See http://ipywidgets.readthedocs.io/en/stable/examples/Using%20Interact.html for more info on creating other types of controls when using `interact`.

## Summarizing Data with pandas_profiling and facets

`pandas_profiling` is a Python package that can produce much more detailed summaries of data than the `.describe()` method:

In [None]:
!pip install pandas-profiling

In [None]:
import pandas_profiling
import seaborn as sns;

titanic = sns.load_dataset('titanic')

pandas_profiling.ProfileReport(titanic)  # You may need to run cell twice

Facets is a new library from Google that looks very good. It has similar functionality to pandas_profiling as well as some powerful visualization. Installation is more complex so we won't use it now but it is worth considering.
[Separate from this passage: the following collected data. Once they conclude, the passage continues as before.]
(* Let $1\le p<\infty$ and $k>0$. The set of isomorphism classes of compact pmm-spaces, endowed with the metric $\mathsf{PGW}^k_p$, is not complete.
   Context: A pmm-space is a triple $(X,d_X,\mu_X)$ with $(X,d_X)$ a complete separable metric space and $\mu_X$ a Borel probability measure; compact means $(X,d_X)$ compact. Isomorphic means there is a measure-preserving isometric bijection. For a measure $\pi$ on $X\times Y$, $\pi_X,\pi_Y$ are its marginals and $\|d_X-d_Y\|_{L^p(\pi\otimes\pi)}=\left(\iint|d_X(x,x')-d_Y(y,y')|^p\,d\pi(x,y)\,d\pi(x',y')\right)^{1/p}$. For scalar $\epsilon\ge0$: $\mathsf{PGW}_{\epsilon,p}(X,Y)=\inf\{\|d_X-d_Y\|_{L^p(\pi\otimes\pi)}:\pi$ Borel probability measure on $X\times Y$, $\pi_X\le(1+\epsilon)\mu_X$, $\pi_Y\le(1+\epsilon)\mu_Y$ setwise$\}$, and $\mathsf{PGW}^k_p(X,Y)=\inf\{\frac{\epsilon}{1+\epsilon}:\epsilon\ge0,\ \mathsf{PGW}_{\epsilon,p}(X,Y)\le k\epsilon\}$. *)

theory Defs
  imports "HOL-Probability.Probability"
begin

definition borel_of :: "'a topology \<Rightarrow> 'a measure" where
  "borel_of T = sigma (topspace T) {U. openin T U}"

text \<open>A pmm-space is represented as a triple (X, d, mu): carrier set X, metric d on X,
  and a Borel probability measure mu on the metric topology of (X,d).\<close>
type_synonym 'a pmm = "'a set \<times> ('a \<Rightarrow> 'a \<Rightarrow> real) \<times> 'a measure"

definition pmm_space :: "'a pmm \<Rightarrow> bool" where
  "pmm_space \<X> \<longleftrightarrow> (case \<X> of (X, d, \<mu>) \<Rightarrow>
     Metric_space X d \<and> Metric_space.mcomplete X d \<and>
     separable_space (Metric_space.mtopology X d) \<and>
     prob_space \<mu> \<and> space \<mu> = X \<and>
     sets \<mu> = sets (borel_of (Metric_space.mtopology X d)))"

definition compact_pmm_space :: "'a pmm \<Rightarrow> bool" where
  "compact_pmm_space \<X> \<longleftrightarrow> pmm_space \<X> \<and>
     (case \<X> of (X, d, \<mu>) \<Rightarrow> compact_space (Metric_space.mtopology X d))"

definition pgw_couplings :: "real \<Rightarrow> 'a pmm \<Rightarrow> 'b pmm \<Rightarrow> ('a \<times> 'b) measure set" where
  "pgw_couplings \<epsilon> \<X> \<Y> = (case \<X> of (X, dX, \<mu>X) \<Rightarrow> case \<Y> of (Y, dY, \<mu>Y) \<Rightarrow>
     {\<pi>. prob_space \<pi> \<and> space \<pi> = X \<times> Y \<and>
        sets \<pi> = sets (borel_of (prod_topology (Metric_space.mtopology X dX)
                                              (Metric_space.mtopology Y dY))) \<and>
        (\<forall>A \<in> sets \<mu>X. emeasure \<pi> (A \<times> Y) \<le> ennreal (1 + \<epsilon>) * emeasure \<mu>X A) \<and>
        (\<forall>B \<in> sets \<mu>Y. emeasure \<pi> (X \<times> B) \<le> ennreal (1 + \<epsilon>) * emeasure \<mu>Y B)})"

definition dist_Lp :: "real \<Rightarrow> 'a pmm \<Rightarrow> 'b pmm \<Rightarrow> ('a \<times> 'b) measure \<Rightarrow> real" where
  "dist_Lp p \<X> \<Y> \<pi> = (case \<X> of (X, dX, \<mu>X) \<Rightarrow> case \<Y> of (Y, dY, \<mu>Y) \<Rightarrow>
     (enn2real (\<integral>\<^sup>+ z. \<integral>\<^sup>+ z'. ennreal (\<bar>dX (fst z) (fst z') - dY (snd z) (snd z')\<bar> powr p) \<partial>\<pi> \<partial>\<pi>))
       powr (1 / p))"

definition PGW_eps :: "real \<Rightarrow> real \<Rightarrow> 'a pmm \<Rightarrow> 'b pmm \<Rightarrow> real" where
  "PGW_eps \<epsilon> p \<X> \<Y> = Inf (dist_Lp p \<X> \<Y> ` pgw_couplings \<epsilon> \<X> \<Y>)"

definition PGW_k :: "real \<Rightarrow> real \<Rightarrow> 'a pmm \<Rightarrow> 'b pmm \<Rightarrow> real" where
  "PGW_k k p \<X> \<Y> = Inf {\<epsilon> / (1 + \<epsilon>) | \<epsilon>. \<epsilon> \<ge> 0 \<and> PGW_eps \<epsilon> p \<X> \<Y> \<le> k * \<epsilon>}"

end

theory Submission
  imports Defs
begin

text \<open>
  Let \<open>X\<^sub>n\<close> be \<open>{0, 1, \<dots>, n} \<subseteq> \<real>\<close> with the masses \<open>1/2, 1/4, \<dots>, 2\<^sup>-\<^sup>n, 2\<^sup>-\<^sup>n\<close>.
  For \<open>N \<le> m, n\<close> the spaces \<open>X\<^sub>m\<close> and \<open>X\<^sub>n\<close> share the part \<open>{0, \<dots>, N - 1}\<close> of mass
  \<open>1 - 2\<^sup>-\<^sup>N\<close>; its diagonal coupling, rescaled to a probability measure, has zero distortion
  and marginals below \<open>(1 + \<epsilon>)\<close> times the given ones for \<open>\<epsilon>/(1 + \<epsilon>) = 2\<^sup>-\<^sup>N\<close>. Hence the
  sequence is Cauchy.

  A compact limit \<open>Y\<close> would have a finite diameter \<open>D\<close>; fix \<open>j \<ge> D + 1\<close>. For small \<open>\<epsilon>\<close>,
  every admissible coupling of \<open>X\<^sub>n\<close> (\<open>n > j\<close>) with \<open>Y\<close> puts mass at least \<open>1/4\<close> on
  \<open>{0} \<times> Y\<close> and at least \<open>2\<^sup>-\<^sup>j\<^sup>-\<^sup>2\<close> on \<open>{j} \<times> Y\<close>, and between these two sets the distortion
  \<open>|j - d\<^sub>Y|\<close> is at least \<open>1\<close>. So \<open>PGW\<^sub>\<epsilon>\<^sub>,\<^sub>p(X\<^sub>n, Y)\<close> is bounded below independently of \<open>n\<close>,
  every \<open>\<epsilon>\<close> admissible in \<open>PGW\<^sup>k\<^sub>p\<close> exceeds a fixed \<open>\<epsilon>\<^sub>0 > 0\<close>, and
  \<open>PGW\<^sup>k\<^sub>p(X\<^sub>n, Y) \<ge> \<epsilon>\<^sub>0/(1 + \<epsilon>\<^sub>0)\<close> for all \<open>n > j\<close>.
\<close>

lemma space_borel_of [simp]: "space (borel_of T) = topspace T"
  unfolding borel_of_def by (subst space_measure_of) (auto dest: openin_subset)
theorem mainTheorem2:
  fixes I :: "'a::comm_ring_1 set" and n :: nat
  assumes "u_ring TYPE('a)"
    and "0 < n"
    and "is_ideal I" and "I \<noteq> UNIV"
  shows "(strongly_weakly_n_absorbing n I \<longleftrightarrow> weakly_n_absorbing n I)
    \<and> (weakly_n_absorbing n I \<longleftrightarrow>
        (\<forall>t xs Is. t \<le> n \<and> length Is = t \<and> (\<forall>J\<in>set Is. is_ideal J) \<and> length xs = n - t
           \<and> \<not> mixed_prod xs Is \<subseteq> I \<longrightarrow>
           colon I (mixed_prod xs Is) =
             (\<Union>i<n - t. colon I (mixed_prod (omit i xs) Is))
             \<union> (\<Union>j<t. colon I (mixed_prod xs (omit j Is)))
             \<union> colon {0} (mixed_prod xs Is)))
    \<and> (weakly_n_absorbing n I \<longleftrightarrow>
        (\<forall>t xs Is. t \<le> n \<and> length Is = t \<and> (\<forall>J\<in>set Is. is_ideal J) \<and> length xs = n - t
           \<and> \<not> mixed_prod xs Is \<subseteq> I \<longrightarrow>
           (\<exists>i<n - t. colon I (mixed_prod xs Is) = colon I (mixed_prod (omit i xs) Is))
           \<or> (\<exists>j<t. colon I (mixed_prod xs Is) = colon I (mixed_prod xs (omit j Is)))
           \<or> colon I (mixed_prod xs Is) = colon {0} (mixed_prod xs Is)))"
proof -
  have "weakly_n_absorbing n I \<Longrightarrow> strongly_weakly_n_absorbing n I"
    using weakly_imp_strongly_weakly_n_absorbing[OF assms(1)] .
  moreover have "strongly_weakly_n_absorbing n I \<Longrightarrow> colon_eq_union_of_omissions n I"
    by (rule strongly_weakly_imp_colon_eq_union)
  moreover have "colon_eq_union_of_omissions n I \<Longrightarrow> colon_eq_one_of_omissions n I"
    by (rule colon_eq_union_imp_one_of_omissions[OF assms(1,3)])
  moreover have "colon_eq_one_of_omissions n I \<Longrightarrow> weakly_n_absorbing n I"
    by (rule colon_eq_one_of_omissions_imp_weakly[OF assms(3,4)])
  ultimately show ?thesis
    unfolding colon_eq_union_of_omissions_def[symmetric] colon_eq_one_of_omissions_def[symmetric]
    by blast
qed

end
https://github.com/pair-code/facets


## Example: Loading JSON into a DataFrame and Expanding Complex Fields

In this example we'll see how we can load some structured data and process it into a flat table form better suited to machine learning.

In [None]:
# Let's get some data; top stories from lobste.rs; populate a DataFrame with the JSON
stories = pd.read_json('https://lobste.rs/hottest.json')
stories.head()

In [None]:
# Use the "short_id' field as the index
stories = stories.set_index('short_id')

# Show the first few rows
stories.head()

In [None]:
# Take a look at the submitter_user field; it is a dictionary itself.
stories.submitter_user[0]

In [None]:
# We want to expand these fields into our dataframe. First expand into its own dataframe.
user_df = stories.submitter_user.apply(pd.Series)
user_df.head()

In [None]:
# We should make sure there are no collisions in column names.
set(user_df.columns).intersection(stories.columns)

In [None]:
# We can rename the column to avoid the clash
user_df = user_df.rename(columns={'created_at': 'user_created_at'})

In [None]:
# Now combine them, dropping the original compound column that we are expanding.
stories = pd.concat([stories.drop(['submitter_user'], axis=1), user_df], axis=1)
stories.head()

In [None]:
# The tags field is another compound field.
stories.tags.head()

In [None]:
# Make a new dataframe with the tag lists expanded into columns of Series.
tag_df = stories.tags.apply(pd.Series)
tag_df.head()

In [None]:
# Pivot the DataFrame
tag_df = tag_df.stack()
tag_df

In [None]:
# Expand into a 1-hot encoding
tag_df = pd.get_dummies(tag_df)
tag_df

In [None]:
# Merge multiple rows
tag_df = tag_df.sum(level=0)
tag_df

In [None]:
# And add back to the original dataframe
stories = pd.concat([stories.drop('tags', axis=1), tag_df], axis=1)
stories.head()

## Exercise: Baby Names

The data comes from US census and is the count of names of children born in years from 1880 to 2014.

In [None]:
df = pd.read_csv('NationalNames.csv.zip', compression='zip')  # Pandas can unzip the data for you
df.head()

In [None]:
# Exercise: show the baby names from 1918

In [None]:
# Exercise: get the counts per year for the name 'John'

In [None]:
# Exercise: do the same but restrict to boys now!

In [None]:
# Exercise: plot popularity of John as a boy's name per year
# (hint: look at help for Seaborn barplots)

In [None]:
# Exercise - use ipywidgets.interact to create a drop-down
# with several names and chart the selected name's popularity.